- [Work to complete] Look through the data below and, wherever a line carries the word "with", please copy that line.

Top of Data to examine

lemma prob_random_swap_imbalance_le:
  fixes e :: "'k \<Rightarrow> bool \<times> bool"
  assumes fin: "finite I" and t: "0 \<le> t"
  shows "measure_pmf.prob (Pi_pmf I False (\<lambda>_. bernoulli_pmf (1/2)))
     {\<sigma>. (\<Sum>k\<in>I. if (if \<sigma> k then snd (e k) else fst (e k)) then 1 else 0::real) \<le> t \<and>
          2 * t \<le> (\<Sum>k\<in>I. if (if \<sigma> k then fst (e k) else snd (e k)) then 1 else 0::real)}
     \<le> exp (- t / 18)"
proof -
  let ?\<Sigma> = "Pi_pmf I False (\<lambda>_. bernoulli_pmf (1/2))"
  define F where "F \<sigma> = (\<Sum>k\<in>I. if (if \<sigma> k then snd (e k) else fst (e k)) then 1 else 0::real)" for \<sigma>
  define G where "G \<sigma> = (\<Sum>k\<in>I. if (if \<sigma> k then fst (e k) else snd (e k)) then 1 else 0::real)" for \<sigma>
  define T where "T = (\<Sum>k\<in>I. (if fst (e k) then 1 else 0) + (if snd (e k) then 1 else 0::real))"
  have FG: "F \<sigma> + G \<sigma> = T" for \<sigma>
    unfolding F_def G_def T_def sum.distrib[symmetric] by (intro sum.cong) auto
  have F0: "0 \<le> F \<sigma>" for \<sigma> unfolding F_def by (intro sum_nonneg) auto
  show ?thesis
  proof (cases "T < 2 * t")
    case True
    have "\<not> (F \<sigma> \<le> t \<and> 2 * t \<le> G \<sigma>)" for \<sigma> using FG[of \<sigma>] F0[of \<sigma>] True by linarith
    hence empty: "{\<sigma>. F \<sigma> \<le> t \<and> 2 * t \<le> G \<sigma>} = {}" by blast
    show ?thesis unfolding F_def[symmetric] G_def[symmetric] empty by simp
  next
    case False
    \<comment> \<open>Since \<open>F + G = T\<close>, the event forces \<open>F \<le> a\<close>; the choice of \<open>a\<close> makes the exponent below work.\<close>
    define a where "a = (if 3 * t \<le> T then t else T - 2 * t)"
    have a0: "0 \<le> a" using False t by (auto simp: a_def)
    have "measure_pmf.prob ?\<Sigma> {\<sigma>. F \<sigma> \<le> t \<and> 2 * t \<le> G \<sigma>} \<le> measure_pmf.prob ?\<Sigma> {\<sigma>. F \<sigma> \<le> a}"
    proof (intro measure_pmf.finite_measure_mono subsetI)
      fix \<sigma> assume "\<sigma> \<in> {\<sigma>. F \<sigma> \<le> t \<and> 2 * t \<le> G \<sigma>}"
      thus "\<sigma> \<in> {\<sigma>. F \<sigma> \<le> a}" using FG[of \<sigma>] by (auto simp: a_def)
    qed simp
    also have "\<dots> \<le> 2 powr a * exp (- (\<Sum>k\<in>I. measure_pmf.prob (bernoulli_pmf (1/2))
        {b. if b then snd (e k) else fst (e k)}) / 2)"
      unfolding F_def by (rule prob_Pi_pmf_count_le[OF fin])
    also have "(\<Sum>k\<in>I. measure_pmf.prob (bernoulli_pmf (1/2)) {b. if b then snd (e k) else fst (e k)}) = T / 2"
      unfolding T_def prob_bernoulli_half_if by (simp add: sum_divide_distrib add.commute)
    also have "2 powr a * exp (- (T / 2) / 2) \<le> exp (25/36 * a) * exp (- T / 4)"
      using a0 by (intro mult_mono two_powr_le_exp) auto
    also have "\<dots> \<le> exp (- t / 18)"
      unfolding exp_add[symmetric] using False by (auto simp: a_def field_simps)
    finally show ?thesis unfolding F_def G_def .
  qed
qed


section \<open>The Sauer--Shelah lemma\<close>

definition shattered_by :: "'a set set \<Rightarrow> 'a set \<Rightarrow> bool" where
  "shattered_by F S \<longleftrightarrow> (\<lambda>A. A \<inter> S) ` F = Pow S"

lemma shattered_by_image_Diff:
  assumes "x \<notin> S"
  shows "shattered_by ((\<lambda>A. A - {x}) ` F) S \<longleftrightarrow> shattered_by F S"
proof -
  have "(\<lambda>A. A \<inter> S) ` (\<lambda>A. A - {x}) ` F = (\<lambda>A. A \<inter> S) ` F"
    unfolding image_image using assms by (intro image_cong) auto
  thus ?thesis by (simp add: shattered_by_def)
qed

lemma shattered_by_insert:
  assumes x: "x \<notin> S" and sh: "shattered_by {A \<in> F. x \<notin> A \<and> insert x A \<in> F} S"
  shows "shattered_by F (insert x S)"
  unfolding shattered_by_def
proof (intro equalityI subsetI)
  fix T assume "T \<in> Pow (insert x S)"
  hence T: "T \<subseteq> insert x S" by simp
  have "T - {x} \<in> (\<lambda>A. A \<inter> S) ` {A \<in> F. x \<notin> A \<and> insert x A \<in> F}"
    using sh T unfolding shattered_by_def by auto
  then obtain B where B: "B \<in> F" "x \<notin> B" "insert x B \<in> F" "B \<inter> S = T - {x}"
    by auto
  show "T \<in> (\<lambda>A. A \<inter> insert x S) ` F"
  proof (cases "x \<in> T")
    case True
    with B T x have "insert x B \<inter> insert x S = T" by auto
    with B(3) show ?thesis by blast
  next
    case False
    with B T x have "B \<inter> insert x S = T" by auto
    with B(1) show ?thesis by blast
  qed
qed auto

Bottom of Data to examine

- [Solution to this problem]
    with B T x have "insert x B \<inter> insert x S = T" by auto
    with B(3) show ?thesis by blast
    with B T x have "B \<inter> insert x S = T" by auto
    with B(1) show ?thesis by blast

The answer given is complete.